Chevron Corp. should face a new trial for allegedly sanctioning beatings and shootings of Nigerian protesters in 1998 because jurors who cleared the company in 2008 were given erroneous instructions, lawyers for protesters told a federal appeals court today.
A federal court jury was told, incorrectly, that the protesters had to prove beyond a reasonable doubt that company- paid soldiers used excessive force against those who boarded Chevron’s offshore oil drilling platform located nine miles offshore of the Niger Delta, said Theresa Traber, an attorney for the Nigerians and their families.
The jury should have been instructed that it was Chevron’s burden to prove beyond a reasonable doubt that the peaceful protesters, who were unarmed and running away with arms raised when shots were fired, had committed crimes that justified the type of force used by the soldiers, Traber told the three-judge appellate panel at today’s hearing in San Francisco. The Nigerians were protesting over jobs and alleged environmental damage to the area.

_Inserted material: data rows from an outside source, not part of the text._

(* Consider the periodic chain (cycle graph) with sites $1,\dots,N$ (indices mod $N$) and let $S^\dagger_{(2)}=\sum_{i=1}^N s_i^\dagger s_{i+1}^\dagger$. For all positive integers $k,R$ there exists $N_0(k,R)$, independent of $N$, such that for every $N>N_0(k,R)$ the following holds: if $H$ is a $k$-local operator of range at most $R$ on the chain with $H|Q^p\rangle=E_p|Q^p\rangle$ for all $p\in\{0,\dots,L\}$, where $|Q^p\rangle=(S^\dagger_{(2)})^p|\overline 0\rangle$ and $L$ is the largest integer with $|Q^L\rangle\ne0$, then there are constants $\Omega,\omega$ with $E_p=\Omega+\omega p$ for all $p\in\{0,\dots,L\}$. (Equivalently, $S^\dagger_{(2)}$ satisfies properties (P.1), (P.2), (P.3) of Theorem 3 for suitable functions $\alpha,\beta,\gamma$ independent of $N$, with (P.1) holding once $N$ is sufficiently large relative to $R$.)
   Context: Qubits on sites of the cycle with local basis $|0\rangle,|1\rangle$; $s_i^\dagger$ acts on site $i$ as $s^\dagger|0\rangle=|1\rangle$, $s^\dagger|1\rangle=0$, $s_i=(s_i^\dagger)^\dagger$; $|\overline 0\rangle=|0\rangle^{\otimes N}$. Distance is graph distance on the cycle. Every operator has a unique expansion in normal-ordered strings $s^\dagger_{j_1}\cdots s^\dagger_{j_n}s_{k_1}\cdots s_{k_m}$ (the $j$'s pairwise distinct, the $k$'s pairwise distinct); a string has range $R$ where $R$ is the smallest positive integer with all pairwise distances between its sites $<R$; an operator has range at most $R$ if all its strings with nonzero coefficient do, and is $k$-local if each such string involves at most $k$ sites. Operators need not be Hermitian. *)

theory Defs
  imports Complex_Main
begin
fun phi :: "nat \<Rightarrow> label \<Rightarrow> cstates \<Rightarrow> message option \<Rightarrow> bool" where
  "phi n LInit \<sigma> mu = consistent n \<sigma>"
| "phi n LEmit \<sigma> mu = True"
| "phi n LReceive \<sigma> (Some (j, r', s')) =
     (j \<in> {1..n} \<and>
      (case \<sigma> j of
         Run Obj rj sj \<Rightarrow> (s' = sj \<and> r' = rj) \<or> (s' = U \<and> r' < rj)
       | Init Obj \<Rightarrow> False))"
| "phi n LReceive \<sigma> None = False"

definition ctrans :: "nat \<Rightarrow> nat \<Rightarrow> label \<Rightarrow> cstates \<Rightarrow> message option \<Rightarrow> (cstates \<times> message option) option" where
  "ctrans n i l \<sigma> mu =
     (if i \<in> {1..n} \<and> phi n l \<sigma> mu then
        map_option (\<lambda>(st', out). (\<sigma>(i := st'), out)) (child_step i l (\<sigma> i) mu)
      else None)"

inductive valid_state :: "nat \<Rightarrow> cstates \<Rightarrow> bool"
  and valid_msg :: "nat \<Rightarrow> message \<Rightarrow> bool" for n where
  vs_init: "composite_initial n \<sigma> \<Longrightarrow> valid_state n \<sigma>"
| vs_step: "\<lbrakk>valid_state n \<sigma>; mu = None \<or> (\<exists>m. mu = Some m \<and> valid_msg n m);
             ctrans n i l \<sigma> mu = Some (\<sigma>', out)\<rbrakk> \<Longrightarrow> valid_state n \<sigma>'"
| vm_out: "\<lbrakk>valid_state n \<sigma>; mu = None \<or> (\<exists>m. mu = Some m \<and> valid_msg n m);
             ctrans n i l \<sigma> mu = Some (\<sigma>', Some m')\<rbrakk> \<Longrightarrow> valid_msg n m'"

end

theory Submission imports Defs begin

text \<open>Transitions never change observation sets, so throughout a valid trace every child \<open>i\<close>
observes \<open>M - {i}\<close>, a set of size \<open>N - 1\<close> if \<open>i\<close> is muddy and \<open>N\<close> if it is clean.
The three claimed bounds are then an invariant of every running component. An \<open>init\<close> step
starts at round 0 (in status \<open>m\<close> exactly when the child sees nobody, i.e. \<open>N = 1\<close>). A
\<open>receive\<close> step can only read the sender's current round and status, or an earlier round
with status \<open>u\<close>, so the sender's own bounds control the incoming round number, and a case
analysis of rules (R1)-(R11) shows that the receiver's bounds survive.\<close>

definition round_bounds :: "nat set \<Rightarrow> nat set \<Rightarrow> nat \<Rightarrow> status \<Rightarrow> bool" where
  "round_bounds M Ob r s \<longleftrightarrow>
     (s = U \<longrightarrow> r < card Ob \<and> card Ob \<le> card M) \<and>
     (s = Mu \<longrightarrow> r + 1 = card M \<and> r = card Ob) \<and>
     (s = Cl \<longrightarrow> r = card M \<and> r = card Ob)"

lemma recv_obs: "recv st m = Some st' \<Longrightarrow> obs st' = obs st"
  by (cases st; cases m) (auto split: if_splits)

lemma child_step_obs: "child_step i l st mu = Some (st', out) \<Longrightarrow> obs st' = obs st"
  by (cases "(i, l, st, mu)" rule: child_step.cases) (auto dest: recv_obs)

lemma ctrans_obs:
  assumes "ctrans n i l \<sigma> mu = Some (\<sigma>', out)"
  shows "obs (\<sigma>' k) = obs (\<sigma> k)"
  using assms child_step_obs unfolding ctrans_def by (fastforce split: if_splits)

lemma ctrans_Mset: "ctrans n i l \<sigma> mu = Some (\<sigma>', out) \<Longrightarrow> Mset n \<sigma>' = Mset n \<sigma>"
  unfolding Mset_def by (simp add: ctrans_obs)

lemma ctrans_consistent:
  "ctrans n i l \<sigma> mu = Some (\<sigma>', out) \<Longrightarrow> consistent n \<sigma>' \<longleftrightarrow> consistent n \<sigma>"
  unfolding consistent_def by (simp add: ctrans_Mset ctrans_obs)

lemma round_bounds_init:
  assumes "finite M" and "M \<noteq> {}" and "Ob = M - {i}"
  shows "round_bounds M Ob 0 (if Ob = {} then Mu else U)"
proof (cases "Ob = {}")
  case True
  with assms have "M = {i}" by auto
  with True show ?thesis by (simp add: round_bounds_def)
next
  case False
  with assms have "0 < card Ob" and "card Ob \<le> card M" by (auto intro: card_mono)
  with False show ?thesis by (simp add: round_bounds_def)
qed

lemma round_bounds_recv:
  assumes Ob: "Ob = M - {i}" and Obj: "Obj = M - {j}"
    and bounds_i: "round_bounds M Ob r U" and bounds_j: "round_bounds M Obj rj sj"
    and msg: "(s' = sj \<and> r' = rj) \<or> (s' = U \<and> r' < rj)"
    and self: "j = i \<Longrightarrow> rj = r \<and> sj = U"
    and step: "recv (Run Ob r U) (j, r', s') = Some st'"
  shows "\<exists>r2 s2. st' = Run Ob r2 s2 \<and> round_bounds M Ob r2 s2"
proof -
  define N where "N = card M"
  have card_Ob: "card Ob = (if i \<in> M then N - 1 else N)"
    and card_Obj: "card Obj = (if j \<in> M then N - 1 else N)"
    using Ob Obj by (simp_all add: N_def card_Diff_singleton_if)
  have j_Ob: "j \<in> Ob \<longleftrightarrow> j \<in> M \<and> j \<noteq> i" using Ob by auto
  have r: "r < card Ob" and "card Ob \<le> N" using bounds_i by (simp_all add: round_bounds_def N_def)
  then have "0 < N" by simp
  have bounds: "round_bounds M Ob r2 s2 \<longleftrightarrow>
      (s2 = U \<longrightarrow> r2 < card Ob) \<and> (s2 = Mu \<longrightarrow> r2 + 1 = N \<and> r2 = card Ob) \<and>
      (s2 = Cl \<longrightarrow> r2 = N \<and> r2 = card Ob)" for r2 s2
    using \<open>card Ob \<le> N\<close> by (auto simp: round_bounds_def N_def)
  show ?thesis
  proof (cases s')
    case Cl
    with msg bounds_j self have "r' = N" "card Obj = N" "j \<noteq> i"
      by (auto simp: round_bounds_def N_def)
    with card_Obj \<open>0 < N\<close> j_Ob have "j \<notin> Ob" by (auto split: if_splits)
    with step Cl \<open>r' = N\<close> show ?thesis
      by (auto simp: bounds card_Ob split: if_splits)
  next
    case Mu
    with msg bounds_j self have "r' + 1 = N" "card Obj + 1 = N" "j \<noteq> i"
      by (auto simp: round_bounds_def N_def)
    with card_Obj j_Ob have "j \<in> Ob" by (auto split: if_splits)
    with step Mu \<open>r' + 1 = N\<close> show ?thesis
      by (auto simp: bounds card_Ob split: if_splits)
  next
    case U
    with msg bounds_j have "r' < card Obj"
      by (cases sj) (auto simp: round_bounds_def)
    show ?thesis
    proof (cases "j \<in> Ob")
      case True
      with j_Ob card_Obj \<open>r' < card Obj\<close> have "r' + 1 < N" by auto
      with step U True r show ?thesis
        by (auto simp: bounds card_Ob split: if_splits)
    next
      case False
      have "r' < card Ob \<or> r' + 1 = N \<and> i \<in> M"
      proof (cases "j = i")
        case True
        with self msg U r show ?thesis by auto
      next
        case False
        with \<open>j \<notin> Ob\<close> j_Ob card_Obj card_Ob \<open>r' < card Obj\<close> show ?thesis by auto
      qed
      with step U False r show ?thesis
        by (auto simp: bounds card_Ob split: if_splits)
    qed
  qed
qed

definition run_invariant :: "nat \<Rightarrow> cstates \<Rightarrow> bool" where
  "run_invariant n \<sigma> \<longleftrightarrow> finite (Mset n \<sigma>) \<and>
     (\<forall>k\<in>{1..n}. \<forall>Ob r s. \<sigma> k = Run Ob r s \<longrightarrow>
        consistent n \<sigma> \<and> round_bounds (Mset n \<sigma>) Ob r s)"

lemma run_invariant_initial: "composite_initial n \<sigma> \<Longrightarrow> run_invariant n \<sigma>"
proof -
  assume init: "composite_initial n \<sigma>"
  then have "Mset n \<sigma> \<subseteq> {1..n}"
    unfolding composite_initial_def Mset_def by fastforce
  then have "finite (Mset n \<sigma>)" by (rule finite_subset) simp
  with init show ?thesis
    unfolding run_invariant_def composite_initial_def by fastforce
qed

lemma run_invariant_receive:
  assumes inv: "run_invariant n \<sigma>" and i: "i \<in> {1..n}"
    and ph: "phi n LReceive \<sigma> (Some (j, r', s'))"
    and rc: "recv (\<sigma> i) (j, r', s') = Some (Run Ob r s)"
  shows "consistent n \<sigma> \<and> round_bounds (Mset n \<sigma>) Ob r s"
proof -
  define M where "M = Mset n \<sigma>"
  have old: "\<And>k Ob r s. \<lbrakk>k \<in> {1..n}; \<sigma> k = Run Ob r s\<rbrakk> \<Longrightarrow> consistent n \<sigma> \<and> round_bounds M Ob r s"
    using inv unfolding run_invariant_def M_def by blast
  obtain r0 s0 where \<sigma>i: "\<sigma> i = Run Ob r0 s0"
    using rc recv_obs[OF rc] by (cases "\<sigma> i") auto
  have con: "consistent n \<sigma>" and bounds_i: "round_bounds M Ob r0 s0" using old i \<sigma>i by auto
  show ?thesis
  proof (cases "s0 = U")
    case False
    with rc \<sigma>i con bounds_i show ?thesis by (auto simp: M_def)
  next
    case True
    obtain Obj rj sj where j: "j \<in> {1..n}" and \<sigma>j: "\<sigma> j = Run Obj rj sj"
      and msg: "(s' = sj \<and> r' = rj) \<or> (s' = U \<and> r' < rj)"
      using ph by (cases "\<sigma> j") auto
    have Ob: "Ob = M - {i}" and Obj: "Obj = M - {j}"
      using con i j \<sigma>i \<sigma>j unfolding consistent_def M_def by (metis obs.simps(2))+
    have bounds_j: "round_bounds M Obj rj sj" using old j \<sigma>j by blast
    have self: "j = i \<Longrightarrow> rj = r0 \<and> sj = U" using \<sigma>i \<sigma>j True by simp
    have "recv (Run Ob r0 U) (j, r', s') = Some (Run Ob r s)" using rc \<sigma>i True by simp
    from round_bounds_recv[OF Ob Obj _ bounds_j msg self this] bounds_i True con
    show ?thesis by (auto simp: M_def)
  qed
qed

lemma run_invariant_step:
  assumes inv: "run_invariant n \<sigma>" and step: "ctrans n i l \<sigma> mu = Some (\<sigma>', out)"
  shows "run_invariant n \<sigma>'"
proof -
  define M where "M = Mset n \<sigma>"
  obtain st' where i: "i \<in> {1..n}" and ph: "phi n l \<sigma> mu"
    and cs: "child_step i l (\<sigma> i) mu = Some (st', out)" and \<sigma>': "\<sigma>' = \<sigma>(i := st')"
    using step unfolding ctrans_def by (auto split: if_splits)
  have fin: "finite M"
    and old: "\<And>k Ob r s. \<lbrakk>k \<in> {1..n}; \<sigma> k = Run Ob r s\<rbrakk> \<Longrightarrow> consistent n \<sigma> \<and> round_bounds M Ob r s"
    using inv unfolding run_invariant_def M_def by blast+
  have new: "consistent n \<sigma> \<and> round_bounds M Ob r s" if st': "st' = Run Ob r s" for Ob r s
  proof (cases l)
    case LInit
    then obtain Ob0 where \<sigma>i: "\<sigma> i = Init Ob0" and "st' = Run Ob0 0 (if Ob0 = {} then Mu else U)"
      using cs by (cases "\<sigma> i"; cases mu) auto
    moreover have con: "consistent n \<sigma>" using ph LInit by simp
    moreover from con i \<sigma>i have "M \<noteq> {}" "Ob0 = M - {i}"
      unfolding consistent_def M_def by (metis obs.simps(1))+
    ultimately show ?thesis using round_bounds_init[OF fin] st' by simp
  next
    case LEmit
    with cs st' have "\<sigma> i = st'" by (cases "\<sigma> i"; cases mu) auto
    with old i st' show ?thesis by blast
  next
    case LReceive
    with ph cs st' show ?thesis
      using run_invariant_receive[OF inv i] by (cases mu) (auto simp: M_def)
  qed
  show ?thesis
    unfolding run_invariant_def ctrans_Mset[OF step] ctrans_consistent[OF step]
    using fin old new i by (auto simp: \<sigma>' M_def)
qed

lemma valid_state_run_invariant: "valid_state n \<sigma> \<Longrightarrow> run_invariant n \<sigma>"
  by (induct rule: valid_state_valid_msg.inducts(1)[where ?P2.0 = "\<lambda>_. True"])
     (auto intro: run_invariant_initial run_invariant_step)
lemma integrable_Omega_density_L1_bound:
  fixes P :: "complex measure"
  assumes sP: "sets P = sets borel" and fP: "\<And>r. emeasure P (cball 0 r) < \<infinity>"
    and far: "integrable P (\<lambda>z. indicator Cup z * (indicator {z. 2 * R \<le> norm z} z * (1 / norm z ^ (q + 1))))"
    and r0: "r0 > 0"
    and loc: "\<forall>k\<in>{1..q}. set_integrable P (ball 0 r0 \<inter> Cup) (\<lambda>z. Im (inverse (z ^ k)))"
    and R: "R \<ge> 0"
  shows "integrable P (\<lambda>z. indicator Cup z * Omega_density_L1_bound q R z)"
proof (rule Bochner_Integration.integrable_bound)
  define H where "H z =
      4/pi * R^(q+1) * (indicator Cup z * (indicator {z. 2 * R \<le> norm z} z * (1 / norm z ^ (q + 1))))
      + (1 + 2 * R / pi * (\<Sum>k=1..q. inverse (r0 ^ k) * R ^ (k - 1))) * indicator (cball 0 (2 * R)) z
      + 2 * R / pi * (\<Sum>k=1..q. R ^ (k - 1) * \<bar>indicator (ball 0 r0 \<inter> Cup) z *\<^sub>R Im (inverse (z ^ k))\<bar>)"
    for z :: complex
  have [measurable]: "ball (0::complex) r0 \<inter> Cup \<in> sets borel" by measurable
  show "integrable P H"
    unfolding H_def
  proof (intro Bochner_Integration.integrable_add Bochner_Integration.integrable_mult_right
      Bochner_Integration.integrable_sum Bochner_Integration.integrable_abs)
    show "integrable P (indicator (cball 0 (2 * R)) :: complex \<Rightarrow> real)"
      using fP[of "2 * R"] sP by (intro integrable_real_indicator) (auto simp: borel_closed)
  qed (use far loc in \<open>auto simp: set_integrable_def\<close>)
  show "(\<lambda>z. indicator Cup z * Omega_density_L1_bound q R z) \<in> borel_measurable P"
    unfolding measurable_cong_sets[OF sP refl] Omega_density_L1_bound_def by measurable
  have H0: "0 \<le> H z" for z
    unfolding H_def using R r0
    by (auto intro!: add_nonneg_nonneg mult_nonneg_nonneg divide_nonneg_nonneg sum_nonneg)
  have "indicator Cup z * Omega_density_L1_bound q R z \<le> H z" for z
    using Omega_density_L1_bound_le[OF _ r0 R, of z q] H0[of z] by (cases "z \<in> Cup") (simp_all add: H_def)
  then show "AE z in P. norm (indicator Cup z * Omega_density_L1_bound q R z) \<le> norm (H z)"
    using Omega_density_L1_bound_nonneg[OF R] H0 by (intro AE_I2) simp
qed
lemma descent_sequence_no_convergent_subseq:
  fixes \<epsilon> :: "nat \<Rightarrow> real"
  assumes x_dom: "\<And>n. x n \<in> efdom f"
    and H_decr: "\<And>n. H (x (Suc n)) \<le> H (x n)"
    and ekeland: "\<And>n w. w \<in> efdom f \<Longrightarrow> H w \<le> H (x n)
      \<Longrightarrow> F (x (Suc n)) \<le> F w + \<epsilon> (Suc n) * dist w (x (Suc n))"
    and "(\<lambda>n. \<epsilon> (Suc n)) \<longlonglongrightarrow> 0"
    and below_crit: "\<And>z. z \<in> ecrit 0 f \<Longrightarrow> H (x 0) < H z"
  shows "\<not> (\<exists>r. strict_mono r \<and> convergent ((\<lambda>n. x (Suc n)) \<circ> r))"
proof
  assume "\<exists>r. strict_mono r \<and> convergent ((\<lambda>n. x (Suc n)) \<circ> r)"
  then obtain r z where r: "strict_mono r" and lim: "(\<lambda>k. x (Suc (r k))) \<longlonglongrightarrow> z"
    unfolding convergent_def o_def by blast
  have z_below: "z \<in> efdom f \<and> H z \<le> H (x n)" for n
  proof -
    have ev: "eventually (\<lambda>k. x (Suc (r k)) \<in> efdom f
        \<and> F (x (Suc (r k))) \<le> g (x (Suc (r k))) + H (x n)) sequentially"
    proof (rule eventually_sequentiallyI)
      fix k assume "n \<le> k"
      then have "n \<le> Suc (r k)"
        using seq_suble[OF r, of k] by simp
      with decseq_SucI[of "\<lambda>n. H (x n)", OF H_decr] have "H (x (Suc (r k))) \<le> H (x n)"
        by (rule decseqD)
      then show "x (Suc (r k)) \<in> efdom f \<and> F (x (Suc (r k))) \<le> g (x (Suc (r k))) + H (x n)"
        using x_dom by (simp add: H_def)
    qed
    have "continuous_on UNIV (\<lambda>w. g w + H (x n))"
      by (intro continuous_intros continuous_g)
    from sublevel_limit[OF this lim ev] show ?thesis
      by (simp add: H_def)
  qed
  have z_noncrit: "z \<in> efdom f - ecrit 0 f"
    using below_crit[of z] z_below[of 0] by force
  then have "ereal 0 < slope f z"
    by (auto simp: ecrit_def not_le)
  with z_noncrit obtain w where "w \<in> efdom f" "F w < F z" "H w < H z"
    using slope_descent_point[OF not_minf _ slope_gt, of z 0] by (auto simp: F_def H_def)
  have "(\<lambda>k. F w + \<epsilon> (Suc (r k)) * dist w (x (Suc (r k)))) \<longlonglongrightarrow> F w + 0 * dist w z"
    using LIMSEQ_subseq_LIMSEQ[OF assms(4) r] lim by (intro tendsto_intros) (simp_all add: o_def)
  then have "eventually (\<lambda>k. F w + \<epsilon> (Suc (r k)) * dist w (x (Suc (r k))) < (F w + F z) / 2)
      sequentially"
    using \<open>F w < F z\<close> by (intro order_tendstoD(2)) auto
  then have "eventually (\<lambda>k. x (Suc (r k)) \<in> efdom f \<and> F (x (Suc (r k))) \<le> (F w + F z) / 2)
      sequentially"
  proof (rule eventually_mono)
    fix k
    assume "F w + \<epsilon> (Suc (r k)) * dist w (x (Suc (r k))) < (F w + F z) / 2"
    moreover have "H w \<le> H (x (r k))"
      using \<open>H w < H z\<close> z_below[of "r k"] by simp
    ultimately show "x (Suc (r k)) \<in> efdom f \<and> F (x (Suc (r k))) \<le> (F w + F z) / 2"
      using ekeland[OF \<open>w \<in> efdom f\<close>] x_dom by fastforce
  qed
  from sublevel_limit(2)[OF _ lim this] have "F z \<le> (F w + F z) / 2"
    by simp
  then show False
    using \<open>F w < F z\<close> by simp
qed

lemma descent_sequence:
  fixes \<epsilon> :: "nat \<Rightarrow> real"
  assumes "x0 \<in> efdom f" and "\<And>z. z \<in> ecrit 0 f \<Longrightarrow> H x0 < H z"
    and "\<And>n. \<epsilon> (Suc n) > 0" and "(\<lambda>n. \<epsilon> (Suc n)) \<longlonglongrightarrow> 0"
  shows "\<exists>x. x 0 = x0 \<and> (\<forall>n\<ge>1. x n \<in> ecrit (\<epsilon> n) f)
    \<and> \<not> (\<exists>r. strict_mono r \<and> convergent ((\<lambda>n. x (Suc n)) \<circ> r))
    \<and> summable (\<lambda>n. \<epsilon> (Suc n) * dist (x (Suc n)) (x n))
    \<and> (\<forall>n. f (x n) - ereal (g (x n)) \<ge> f (x (Suc n)) - ereal (g (x (Suc n))))"
proof -
  obtain x where x0: "x 0 = x0" and crit: "\<And>n. x (Suc n) \<in> ecrit (\<epsilon> (Suc n)) f"
    and H_decr: "\<And>n. H (x (Suc n)) \<le> H (x n)"
    and dist_le: "\<And>n. \<epsilon> (Suc n) * dist (x (Suc n)) (x n) \<le> F (x n) - F (x (Suc n))"
    and ekeland: "\<And>n w. w \<in> efdom f \<Longrightarrow> H w \<le> H (x n)
      \<Longrightarrow> F (x (Suc n)) \<le> F w + \<epsilon> (Suc n) * dist w (x (Suc n))"
    using descent_sequence_exists[where \<epsilon> = \<epsilon>, OF assms(1,3)] by blast
  have x_dom: "x n \<in> efdom f" for n
    using crit assms(1) x0 by (cases n) (auto simp: ecrit_def)
  have "\<forall>n\<ge>1. x n \<in> ecrit (\<epsilon> n) f"
    using crit by (auto simp: Suc_le_eq dest: gr0_implies_Suc)
  moreover have "\<not> (\<exists>r. strict_mono r \<and> convergent ((\<lambda>n. x (Suc n)) \<circ> r))"
    using x_dom H_decr ekeland assms(4) assms(2)[folded x0]
    by (rule descent_sequence_no_convergent_subseq)
  moreover have "summable (\<lambda>n. \<epsilon> (Suc n) * dist (x (Suc n)) (x n))"
    using dist_le F_lower[OF x_dom] less_imp_le[OF assms(3)]
    by (intro summable_le_decrements[where b = "\<lambda>n. F (x n)"]) simp_all
  moreover have "\<forall>n. f (x n) - ereal (g (x n)) \<ge> f (x (Suc n)) - ereal (g (x (Suc n)))"
    using H_decr by (simp add: f_minus_g_eq_H x_dom)
  ultimately show ?thesis
    using x0 by blast
qed

end

theorem theorem3p5:
  fixes f :: "'a::complete_space \<Rightarrow> ereal" and g :: "'a \<Rightarrow> real"
  assumes "proper_fun f" and "lsc f" and "\<exists>c::real. \<forall>x. ereal c \<le> f x"
    and "continuous_on UNIV g"
    and "\<forall>x \<in> efdom f - ecrit 0 f. slope f x > slope (\<lambda>y. ereal (g y)) x"
  shows "\<forall>x0 \<in> efdom f.
     (\<exists>xb \<in> ecrit 0 f. f x0 - ereal (g x0) \<ge> f xb - ereal (g xb))
   \<or> (\<forall>\<epsilon> :: nat \<Rightarrow> real.
        (\<forall>n\<ge>1. \<epsilon> n > 0) \<and> (\<forall>n\<ge>1. \<epsilon> (Suc n) \<le> \<epsilon> n) \<and> (\<lambda>n. \<epsilon> (Suc n)) \<longlonglongrightarrow> 0 \<longrightarrow>
        (\<exists>x :: nat \<Rightarrow> 'a. x 0 = x0
           \<and> (\<forall>n\<ge>1. x n \<in> ecrit (\<epsilon> n) f)
           \<and> \<not> (\<exists>r. strict_mono r \<and> convergent ((\<lambda>n. x (Suc n)) \<circ> r))
           \<and> summable (\<lambda>n. \<epsilon> (Suc n) * dist (x (Suc n)) (x n))
           \<and> (\<forall>n. f (x n) - ereal (g (x n)) \<ge> f (x (Suc n)) - ereal (g (x (Suc n))))))"
proof -
  obtain c where "\<forall>x. ereal c \<le> f x"
    using assms(3) by blast
  then interpret slope_dominated f g c
    using assms(1,2,4,5) by unfold_locales (auto simp: proper_fun_def)
  have "H x0 < H z" if "x0 \<in> efdom f" and "z \<in> ecrit 0 f"
    and "\<not> f x0 - ereal (g x0) \<ge> f z - ereal (g z)" for x0 z
    using that by (simp add: f_minus_g_eq_H ecrit_def)
  then show ?thesis
    using descent_sequence by auto
qed

end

“This was a major error that deprived the plaintiffs of the fair trial they should have had on their battery claims,” Traber said.
Two men were killed, others were shot and beaten and one man was hung by his wrists and tortured after a protest about jobs and alleged environmental damage to the area, according to a 1999 lawsuit against Chevron. Nineteen Nigerians sued the company claiming it was liable for the actions of the Nigerian soldiers it hired to provide security for the oil platform.
Chevron, the second-largest U.S. oil company, said at trial that villagers invaded the platform and held 150 workers hostage for ransom. They had knives, prevented workers from leaving the platform and threatened to set it on fire, the jury was told. The company said the soldiers acted in self defense and denied directing their conduct.
Craig Stewart, an attorney at Jones Day representing Chevron today, told the judges that the jury was given proper instructions by U.S. District Judge Susan Illston, who presided over the trial. Both sides had agreed that Nigerian law would be applied to the battery claims by protesters, he said.
“Nigerian law, like California law, like federal law, puts the burden on plaintiffs to prove that the force was excessive,” Stewart said.
After almost 10 years of trial court proceedings, the case went before a jury in October 2008. The jury cleared Chevron, the second-largest U.S. oil company, of wrongful death, torture, assault, battery and negligence claims.
The case is Larry Bowoto v Chevron, 09-15641, U.S. Court of Appeals for the Ninth Circuit (San Francisco).